2. empty list, a list of Strings with the values ("abc", "bcd", "cde", and "def") shown in the drawing
at the beginning of this problem, and a list with (at least) four values that are not ordered
lexicographically. (Hint: If you've defined your constructors correctly, you shouldn't need to use
any explicit assignment statements in your examples class!) (Make more examples as needed to
test the methods you define.) Name your examples class ExamplesDeque, and your first three
examples deque1, deque2 and deque3.
- Design the method size that counts the number of nodes in a list Deque, not including the
header node. (I.e., just count the Nodes and not the Sentinel.) - Design the method addAtHead
for the class Deque that consumes a value of type T and inserts it at the front of the list. Be sure
to fix up all the links correctly! - Design the method addAtTail for the class Deque that
consumes a value of type T and inserts it at the tail of this list.

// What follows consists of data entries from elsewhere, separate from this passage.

(* Let $\boldsymbol H:\mathbb T^N\to\mathbb T^N$ satisfy Assumption (H1) with datum $(E,\kappa)$. Then $\boldsymbol H$ is a local diffeomorphism, and at every point, for every $i\in[1,N]$ and $j\ne i$, $$|(D\boldsymbol H^{-1})_{ij}|<\kappa^{-1}\Big[E+\frac{E^2}{\kappa-E}\Big]N^{-1},\qquad |(D\boldsymbol H^{-1})_{ii}|\le\kappa^{-1}\Big[1+E\Big(E+\frac{E^2}{\kappa-E}\Big)N^{-1}\Big],$$ $$|(D\boldsymbol H^{-1})_{ii}|\ge|(D\boldsymbol H)_{ii}|^{-1}\Big(1-E\Big(E+\frac{E^2}{\kappa-E}\Big)N^{-1}\Big),$$ where $D\boldsymbol H^{-1}$ denotes the inverse matrix $(D\boldsymbol H)^{-1}$ at the point.
   Context: $\mathbb T=\mathbb R/\mathbb Z$; derivatives of maps $\mathbb T^N\to\mathbb T^N$ are taken via lifts. Assumption (H1) with datum $(E,\kappa)$, $E,\kappa\ge0$, $\kappa-E>1$: $\boldsymbol H=(H_1,\dots,H_N)\in C^1(\mathbb T^N,\mathbb T^N)$ and $|\partial_iH_i|>\kappa$, $|\partial_jH_i|<EN^{-1}$ everywhere, for all $i$ and all $j\ne i$. *)

theory Defs
  imports "HOL-Analysis.Analysis"
begin

definition lattice_point :: "real ^ 'n \<Rightarrow> bool" where
  "lattice_point k \<longleftrightarrow> (\<forall>i. k $ i \<in> \<int>)"

text \<open>A map R^N -> R^N is the lift of a map of the torus T^N = R^N/Z^N iff
  integer translations of the argument change the value by integer vectors.\<close>
definition torus_lift :: "(real ^ 'n \<Rightarrow> real ^ 'n) \<Rightarrow> bool" where
  "torus_lift F \<longleftrightarrow> (\<forall>x k. lattice_point k \<longrightarrow> lattice_point (F (x + k) - F x))"

definition C1_on :: "'a::euclidean_space set \<Rightarrow> ('a \<Rightarrow> 'b::euclidean_space) \<Rightarrow> bool" where
  "C1_on S f \<longleftrightarrow> (\<exists>f'. (\<forall>x\<in>S. (f has_derivative blinfun_apply (f' x)) (at x)) \<and> continuous_on S f')"

definition local_diffeomorphism :: "('a::euclidean_space \<Rightarrow> 'a) \<Rightarrow> bool" where
  "local_diffeomorphism f \<longleftrightarrow>
     (\<forall>x. \<exists>U V g. open U \<and> open V \<and> x \<in> U \<and> f ` U = V \<and>
          (\<forall>y\<in>U. g (f y) = y) \<and> (\<forall>z\<in>V. f (g z) = z) \<and> C1_on U f \<and> C1_on V g)"

end

theory Submission
  imports Defs
begin

text \<open>Each \<open>A = DH x\<close> is uniformly diagonally dominant. If \<open>A f = e\<^sub>j\<close>, the row of a largest
  entry of \<open>f\<close> gives \<open>\<parallel>f\<parallel>\<^sub>\<infinity> \<le> 1/(\<kappa> - E)\<close> (the same argument with \<open>A f = 0\<close> gives invertibility);
  the row of a largest entry off position \<open>j\<close> then gives \<open>|f\<^sub>i| \<le> E/(N(\<kappa> - E)\<^sup>2)\<close> for \<open>i \<noteq> j\<close>,
  and row \<open>j\<close> pins \<open>|A\<^sub>j\<^sub>j f\<^sub>j|\<close> to within \<open>E\<^sup>2/(N(\<kappa> - E)\<^sup>2)\<close> of \<open>1\<close>. Taking for \<open>f\<close> the columns
  of \<open>A\<^sup>-\<^sup>1\<close> yields the entry bounds. The local diffeomorphism property is the inverse function
  theorem, the derivative of the local inverse being continuous by Cramer's rule.\<close>

lemma matrix_inv_mult:
  fixes A :: "'a::semiring_1^'n^'n"
  assumes "invertible A"
  shows "A ** matrix_inv A = mat 1" and "matrix_inv A ** A = mat 1"
proof -
  have "\<exists>A'. A ** A' = mat 1 \<and> A' ** A = mat 1"
    using assms unfolding invertible_def by blast
  from someI_ex[OF this] show "A ** matrix_inv A = mat 1" "matrix_inv A ** A = mat 1"
    unfolding matrix_inv_def by auto
qed

lemma matrix_inv_column:
  fixes A :: "real^'n^'n"
  assumes "invertible A"
  shows "A *v column j (matrix_inv A) = axis j 1"
proof -
  have "A *v column j (matrix_inv A) = (A ** matrix_inv A) *v axis j 1"
    by (simp only: matrix_vector_mult_basis[symmetric] matrix_vector_mul_assoc)
  then show ?thesis
    by (simp only: matrix_inv_mult(1)[OF assms] matrix_vector_mul_lid)
qed

lemma finite_index_of_max:
  fixes g :: "'a \<Rightarrow> 'b::linorder"
  assumes "finite S" and "S \<noteq> {}"
  obtains i where "i \<in> S" and "\<And>k. k \<in> S \<Longrightarrow> g k \<le> g i"
proof -
  have "Max (g ` S) \<in> g ` S"
    using assms by simp
  then obtain i where "i \<in> S" "g i = Max (g ` S)"
    by (metis imageE)
  with assms(1) show thesis
    by (intro that) auto
qed

lemma diagonal_term_bounds:
  fixes A :: "real^'n^'n" and f :: "real^'n"
  shows "\<bar>A$i$i\<bar> * \<bar>f$i\<bar> \<le> \<bar>(A *v f)$i\<bar> + (\<Sum>k\<in>UNIV-{i}. \<bar>A$i$k\<bar> * \<bar>f$k\<bar>)"
    and "\<bar>(A *v f)$i\<bar> - (\<Sum>k\<in>UNIV-{i}. \<bar>A$i$k\<bar> * \<bar>f$k\<bar>) \<le> \<bar>A$i$i\<bar> * \<bar>f$i\<bar>"
proof -
  let ?r = "\<Sum>k\<in>UNIV-{i}. A$i$k * f$k"
  have "(A *v f)$i = A$i$i * f$i + ?r"
    by (simp add: matrix_vector_mult_def sum.remove[of UNIV i])
  moreover have "\<bar>?r\<bar> \<le> (\<Sum>k\<in>UNIV-{i}. \<bar>A$i$k\<bar> * \<bar>f$k\<bar>)"
    using sum_abs[of "\<lambda>k. A$i$k * f$k" "UNIV-{i}"] by (simp add: abs_mult)
  ultimately show "\<bar>A$i$i\<bar> * \<bar>f$i\<bar> \<le> \<bar>(A *v f)$i\<bar> + (\<Sum>k\<in>UNIV-{i}. \<bar>A$i$k\<bar> * \<bar>f$k\<bar>)"
    and "\<bar>(A *v f)$i\<bar> - (\<Sum>k\<in>UNIV-{i}. \<bar>A$i$k\<bar> * \<bar>f$k\<bar>) \<le> \<bar>A$i$i\<bar> * \<bar>f$i\<bar>"
    by (auto simp: abs_mult[symmetric] abs_le_iff)
qed

lemma second_order_term_le:
  fixes E \<kappa> N :: real
  assumes "0 \<le> E" and "1 < \<kappa> - E" and "0 < N"
  shows "E\<^sup>2 / (N * (\<kappa> - E)\<^sup>2) \<le> E * (E + E\<^sup>2 / (\<kappa> - E)) / N"
proof -
  have "1 / (\<kappa> - E)\<^sup>2 \<le> 1 / (\<kappa> - E)"
    using assms(2) by (simp add: power2_eq_square divide_le_eq)
  also have "\<dots> \<le> \<kappa> / (\<kappa> - E)"
    using assms(1,2) by (simp add: divide_right_mono)
  finally have ratio: "1 / (\<kappa> - E)\<^sup>2 \<le> \<kappa> / (\<kappa> - E)" .
  have "E\<^sup>2 / (N * (\<kappa> - E)\<^sup>2) = E\<^sup>2 / N * (1 / (\<kappa> - E)\<^sup>2)"
    by simp
  also have "\<dots> \<le> E\<^sup>2 / N * (\<kappa> / (\<kappa> - E))"
    using ratio assms(3) by (intro mult_left_mono) auto
  also have "\<dots> = E * (E + E\<^sup>2 / (\<kappa> - E)) / N"
    using assms(2) by (simp add: field_simps power2_eq_square)
  finally show ?thesis .
qed

locale uniformly_diagonally_dominant =
  fixes A :: "real^'n^'n" and E \<kappa> :: real
  assumes E_nonneg: "0 \<le> E" and E_less: "E < \<kappa>"
    and diagonal: "\<And>i. \<kappa> < \<bar>A$i$i\<bar>"
    and off_diagonal: "\<And>i k. k \<noteq> i \<Longrightarrow> \<bar>A$i$k\<bar> \<le> E / CARD('n)"
begin

lemma off_diagonal_sum_le:
  assumes "\<And>k. k \<noteq> i \<Longrightarrow> \<bar>f$k\<bar> \<le> g k"
  shows "(\<Sum>k\<in>UNIV-{i}. \<bar>A$i$k\<bar> * \<bar>f$k\<bar>) \<le> E / CARD('n) * (\<Sum>k\<in>UNIV-{i}. g k)"
  unfolding sum_distrib_left
proof (rule sum_mono)
  fix k assume "k \<in> UNIV - {i}"
  then have "\<bar>A$i$k\<bar> \<le> E / CARD('n)" "\<bar>f$k\<bar> \<le> g k"
    using off_diagonal assms by auto
  moreover have "0 \<le> E / CARD('n)"
    using E_nonneg by simp
  ultimately show "\<bar>A$i$k\<bar> * \<bar>f$k\<bar> \<le> E / CARD('n) * g k"
    by (intro mult_mono) auto
qed

lemma off_diagonal_row_weight_le: "E / CARD('n) * real (card (UNIV - {i::'n})) \<le> E"
  using E_nonneg by (simp add: card_Diff_singleton field_simps)

lemma off_diagonal_sum_le_max:
  assumes "\<And>k. k \<noteq> i \<Longrightarrow> \<bar>f$k\<bar> \<le> m" and "0 \<le> m"
  shows "(\<Sum>k\<in>UNIV-{i}. \<bar>A$i$k\<bar> * \<bar>f$k\<bar>) \<le> E * m"
proof -
  have "(\<Sum>k\<in>UNIV-{i}. \<bar>A$i$k\<bar> * \<bar>f$k\<bar>) \<le> E / CARD('n) * real (card (UNIV - {i})) * m"
    using off_diagonal_sum_le[of i f "\<lambda>_. m"] assms(1) by simp
  also have "\<dots> \<le> E * m"
    using off_diagonal_row_weight_le assms(2) by (rule mult_right_mono)
  finally show ?thesis .
qed

lemma off_diagonal_sum_le_max_except:
  assumes "i \<noteq> j" and "\<And>k. k \<noteq> i \<Longrightarrow> k \<noteq> j \<Longrightarrow> \<bar>f$k\<bar> \<le> s" and "0 \<le> s"
  shows "(\<Sum>k\<in>UNIV-{i}. \<bar>A$i$k\<bar> * \<bar>f$k\<bar>) \<le> E * s + E / CARD('n) * \<bar>f$j\<bar>"
proof -
  have "(\<Sum>k\<in>UNIV-{i}. \<bar>A$i$k\<bar> * \<bar>f$k\<bar>)
      \<le> E / CARD('n) * (\<Sum>k\<in>UNIV-{i}. s + (if k = j then \<bar>f$j\<bar> else 0))"
    by (rule off_diagonal_sum_le) (use assms in auto)
  also have "\<dots> = E / CARD('n) * real (card (UNIV - {i})) * s + E / CARD('n) * \<bar>f$j\<bar>"
    using assms(1) by (simp add: sum.distrib distrib_left)
  also have "\<dots> \<le> E * s + E / CARD('n) * \<bar>f$j\<bar>"
    using mult_right_mono[OF off_diagonal_row_weight_le assms(3)] by simp
  finally show ?thesis .
qed

lemma max_norm_le:
  assumes "\<And>i. \<bar>(A *v f)$i\<bar> \<le> r"
  shows "\<bar>f$k\<bar> \<le> r / (\<kappa> - E)"
proof -
  obtain i where max: "\<And>k. \<bar>f$k\<bar> \<le> \<bar>f$i\<bar>"
    using finite_index_of_max[of UNIV "\<lambda>k. \<bar>f$k\<bar>"] by auto
  have "\<kappa> * \<bar>f$i\<bar> \<le> \<bar>A$i$i\<bar> * \<bar>f$i\<bar>"
    using diagonal[of i] by (simp add: mult_right_mono)
  also have "\<dots> \<le> r + E * \<bar>f$i\<bar>"
    using diagonal_term_bounds(1)[of A i f] off_diagonal_sum_le_max[of i f "\<bar>f$i\<bar>"] max assms[of i]
    by simp
  finally have "(\<kappa> - E) * \<bar>f$i\<bar> \<le> r"
    by (simp add: algebra_simps)
  then show ?thesis
    using max[of k] E_less by (simp add: pos_le_divide_eq mult.commute order_trans)
qed

lemma invertible: "invertible A"
proof -
  have "f = 0" if "A *v f = 0" for f
    using max_norm_le[of f 0] that by (simp add: vec_eq_iff)
  then show ?thesis
    unfolding invertible_left_inverse matrix_left_invertible_ker by blast
qed

lemma solution_off_diagonal_le:
  assumes sol: "A *v f = axis j 1" and "i \<noteq> j"
  shows "\<bar>f$i\<bar> \<le> E / (CARD('n) * (\<kappa> - E)\<^sup>2)"
proof -
  obtain l where "l \<noteq> j" and max: "\<And>k. k \<noteq> j \<Longrightarrow> \<bar>f$k\<bar> \<le> \<bar>f$l\<bar>"
  proof (rule finite_index_of_max[of "UNIV - {j}" "\<lambda>k. \<bar>f$k\<bar>"])
    show "UNIV - {j} \<noteq> {}"
      using \<open>i \<noteq> j\<close> by blast
  qed auto
  have "\<bar>f$j\<bar> \<le> 1 / (\<kappa> - E)"
    by (rule max_norm_le) (simp add: sol axis_def)
  then have fj: "E / CARD('n) * \<bar>f$j\<bar> \<le> E / CARD('n) * (1 / (\<kappa> - E))"
    using E_nonneg by (intro mult_left_mono) auto
  have "\<kappa> * \<bar>f$l\<bar> \<le> \<bar>A$l$l\<bar> * \<bar>f$l\<bar>"
    using diagonal[of l] by (simp add: mult_right_mono)
  also have "\<dots> \<le> E * \<bar>f$l\<bar> + E / CARD('n) * \<bar>f$j\<bar>"
    using diagonal_term_bounds(1)[of A l f] off_diagonal_sum_le_max_except[of l j f "\<bar>f$l\<bar>"]
      max \<open>l \<noteq> j\<close> by (simp add: sol axis_def)
  finally have "(\<kappa> - E) * \<bar>f$l\<bar> \<le> E / CARD('n) * (1 / (\<kappa> - E))"
    using fj by (simp add: left_diff_distrib)
  then have "\<bar>f$l\<bar> \<le> E / CARD('n) * (1 / (\<kappa> - E)) / (\<kappa> - E)"
    using E_less by (subst pos_le_divide_eq) (auto simp only: mult.commute diff_gt_0_iff_gt)
  also have "\<dots> = E / (CARD('n) * (\<kappa> - E)\<^sup>2)"
    by (simp add: power2_eq_square)
  finally have "\<bar>f$l\<bar> \<le> E / (CARD('n) * (\<kappa> - E)\<^sup>2)" .
  then show ?thesis
    using max[OF \<open>i \<noteq> j\<close>] by linarith
qed

lemma solution_diagonal_bounds:
  assumes sol: "A *v f = axis j 1"
  shows "\<bar>A$j$j\<bar> * \<bar>f$j\<bar> \<le> 1 + E\<^sup>2 / (CARD('n) * (\<kappa> - E)\<^sup>2)"
    and "1 - E\<^sup>2 / (CARD('n) * (\<kappa> - E)\<^sup>2) \<le> \<bar>A$j$j\<bar> * \<bar>f$j\<bar>"
proof -
  have "(\<Sum>k\<in>UNIV-{j}. \<bar>A$j$k\<bar> * \<bar>f$k\<bar>) \<le> E * (E / (CARD('n) * (\<kappa> - E)\<^sup>2))"
    using E_nonneg by (intro off_diagonal_sum_le_max solution_off_diagonal_le[OF sol]) auto
  then have "(\<Sum>k\<in>UNIV-{j}. \<bar>A$j$k\<bar> * \<bar>f$k\<bar>) \<le> E\<^sup>2 / (CARD('n) * (\<kappa> - E)\<^sup>2)"
    by (simp add: power2_eq_square)
  then show "\<bar>A$j$j\<bar> * \<bar>f$j\<bar> \<le> 1 + E\<^sup>2 / (CARD('n) * (\<kappa> - E)\<^sup>2)"
    and "1 - E\<^sup>2 / (CARD('n) * (\<kappa> - E)\<^sup>2) \<le> \<bar>A$j$j\<bar> * \<bar>f$j\<bar>"
    using diagonal_term_bounds[where A = A and i = j and f = f] by (simp_all add: sol)
qed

Again, be sure to fix up all the
links correctly! - Design the method removeFromHead for the class Deque that removes the first
node from this Deque. Throw a RuntimeException if an attempt is made to remove from an
empty list. Be sure to fix up all the links correctly! As with ArrayList's remove method, return
the item that's been removed from the list. - Design the method removeFromTail for the class
Deque that removes the last node from this Deque, analogous to removeFromHead above. Again,
be sure to fix up all the links correctly! - Design the method find for the class Deque that takes an
Predicate and produces the first node in this Deque for which the given predicate returns true. If
the predicate never returns true for any value in the Deque, then the find method should return
the header node in this Deque. (Hint: think carefully about the return type for find!)